Take the restaurant’s green chile cheeseburger, made by chef Peter Knaus and on the Pajarito menu at $16, which was a finalist in this year’s popular New Mexico Green Chile Cheeseburger Smackdown. The 8-ounce New Mexico beef patty is stuffed with green chile and white cheddar pub queso and served with pickles and more green chile on top.
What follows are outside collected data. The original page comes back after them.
lemma lipschitz_on_mult_bounded:
  fixes f g :: "'a::metric_space \<Rightarrow> real"
  assumes "L1-lipschitz_on S f" "0 \<le> M1" "\<And>x. x \<in> S \<Longrightarrow> \<bar>f x\<bar> \<le> M1"
    and "L2-lipschitz_on S g" "0 \<le> M2" "\<And>x. x \<in> S \<Longrightarrow> \<bar>g x\<bar> \<le> M2"
  shows "(M1 * L2 + M2 * L1)-lipschitz_on S (\<lambda>x. f x * g x)"
proof (rule lipschitz_onI)
  fix x y assume xy: "x \<in> S" "y \<in> S"
  have "\<bar>f x * (g x - g y)\<bar> \<le> M1 * (L2 * dist x y)"
    unfolding abs_mult using assms xy
    by (intro mult_mono) (auto simp: lipschitz_on_def dist_real_def)
  moreover have "\<bar>g y * (f x - f y)\<bar> \<le> M2 * (L1 * dist x y)"
    unfolding abs_mult using assms xy
    by (intro mult_mono) (auto simp: lipschitz_on_def dist_real_def)
  moreover have "f x * g x - f y * g y = f x * (g x - g y) + g y * (f x - f y)"
    by (simp add: algebra_simps)
  ultimately show "dist (f x * g x) (f y * g y) \<le> (M1 * L2 + M2 * L1) * dist x y"
    unfolding dist_real_def by (smt (verit) abs_triangle_ineq distrib_right mult.assoc)
next
  show "0 \<le> M1 * L2 + M2 * L1"
    using assms(1,2,4,5) lipschitz_on_nonneg by (metis add_nonneg_nonneg mult_nonneg_nonneg)
qed

lemma poly_fun_lipschitz_on_bounded:
  fixes f :: "real ^ 'n \<Rightarrow> real"
  assumes "poly_fun f" "bounded S"
  shows "\<exists>L M. L-lipschitz_on S f \<and> 0 \<le> M \<and> (\<forall>x\<in>S. \<bar>f x\<bar> \<le> M)"
  using assms(1)
proof (induction f rule: poly_fun.induct)
  case (const c)
  show ?case by (intro exI[of _ 0] exI[of _ "\<bar>c\<bar>"]) (auto intro: lipschitz_intros)
next
  case (coord i)
  obtain B where B: "\<And>x. x \<in> S \<Longrightarrow> norm x \<le> B" "0 \<le> B"
    using assms(2) bounded_pos by (metis less_imp_le)
  have "1-lipschitz_on S (\<lambda>x. x $ i)"
  proof (rule lipschitz_onI)
    fix x y :: "real ^ 'n"
    have "\<bar>(x - y) $ i\<bar> \<le> norm (x - y)" by (rule component_le_norm_cart)
    then show "dist (x $ i) (y $ i) \<le> 1 * dist x y" by (simp add: dist_norm dist_real_def)
  qed simp
  moreover have "\<bar>x $ i\<bar> \<le> B" if "x \<in> S" for x
    using component_le_norm_cart[of x i] B(1)[OF that] by simp
  ultimately show ?case using B(2) by blast
next
  case (add f g)
  then obtain L1 M1 L2 M2 where "L1-lipschitz_on S f" "\<forall>x\<in>S. \<bar>f x\<bar> \<le> M1"
    "L2-lipschitz_on S g" "\<forall>x\<in>S. \<bar>g x\<bar> \<le> M2" "0 \<le> M1" "0 \<le> M2"
    by blast
  moreover have "\<forall>x\<in>S. \<bar>f x + g x\<bar> \<le> M1 + M2"
    using calculation by (smt (verit))
  ultimately show ?case
    by (intro exI[of _ "L1 + L2"] exI[of _ "M1 + M2"]) (simp add: lipschitz_on_add)
next
  case (mult f g)
  then obtain L1 M1 L2 M2 where "L1-lipschitz_on S f" "\<forall>x\<in>S. \<bar>f x\<bar> \<le> M1"
    "L2-lipschitz_on S g" "\<forall>x\<in>S. \<bar>g x\<bar> \<le> M2" "0 \<le> M1" "0 \<le> M2"
    by blast
  moreover have "\<forall>x\<in>S. \<bar>f x * g x\<bar> \<le> M1 * M2"
    using calculation by (simp add: abs_mult mult_mono)
  ultimately show ?case
    by (intro exI[of _ "M1 * L2 + M2 * L1"] exI[of _ "M1 * M2"])
      (simp add: lipschitz_on_mult_bounded)
qed
lemma missed_residues_shift:
  assumes "B > 0"
  shows "missed_residues B (shift y) = rotate_residues B 1 (missed_residues B y)"
proof -
  have "(\<forall>n. y (n + 1) \<longrightarrow> n mod B \<noteq> r) \<longleftrightarrow> (\<forall>n. y n \<longrightarrow> n mod B \<noteq> (r + 1) mod B)"
    if "r \<in> {0..<B}" for r
  proof -
    have "n mod B = r \<longleftrightarrow> (n + 1) mod B = (r + 1) mod B" for n
    proof -
      have "n mod B = r \<longleftrightarrow> n mod B = r mod B" using that by simp
      also have "\<dots> \<longleftrightarrow> (n + 1) mod B = (r + 1) mod B" by (simp add: mod_eq_dvd_iff)
      finally show ?thesis .
    qed
    then have "(\<forall>n. y (n + 1) \<longrightarrow> n mod B \<noteq> r) \<longleftrightarrow>
               (\<forall>n. y (n + 1) \<longrightarrow> (n + 1) mod B \<noteq> (r + 1) mod B)"
      by simp
    also have "\<dots> \<longleftrightarrow> (\<forall>n. y n \<longrightarrow> n mod B \<noteq> (r + 1) mod B)"
      by (metis diff_add_cancel)
    finally show ?thesis .
  qed
  then show ?thesis
    using assms by (auto simp: missed_residues_def rotate_residues_def shift_def)
qed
Said Mockler-Wood: “It speaks for itself.”

There and now at Loyal Hound, he said he wants his restaurants’ dishes to be exemplary.

“Any time [chef Knaus and I] sit down to write a menu, we always ask ourselves, ‘If I was to walk into a bar anywhere in the world, what would they have on their menu, and how can I do that in the highest quality way?’ ” he said.

Mockler-Wood still lives in Los Alamos — a block away from the bed and breakfast his mother founded — and trades duties in Santa Fe and at Pajarito with his general manager, Andrea Gordon, and Knaus. Together, they’ve ensured a seamless transition for Loyal Hound’s loyal customers.

“I didn’t want to close for even one day,” he said. “We could have done it quickly, just walked in and taken over, but it was so important to me that this didn’t skip a beat.”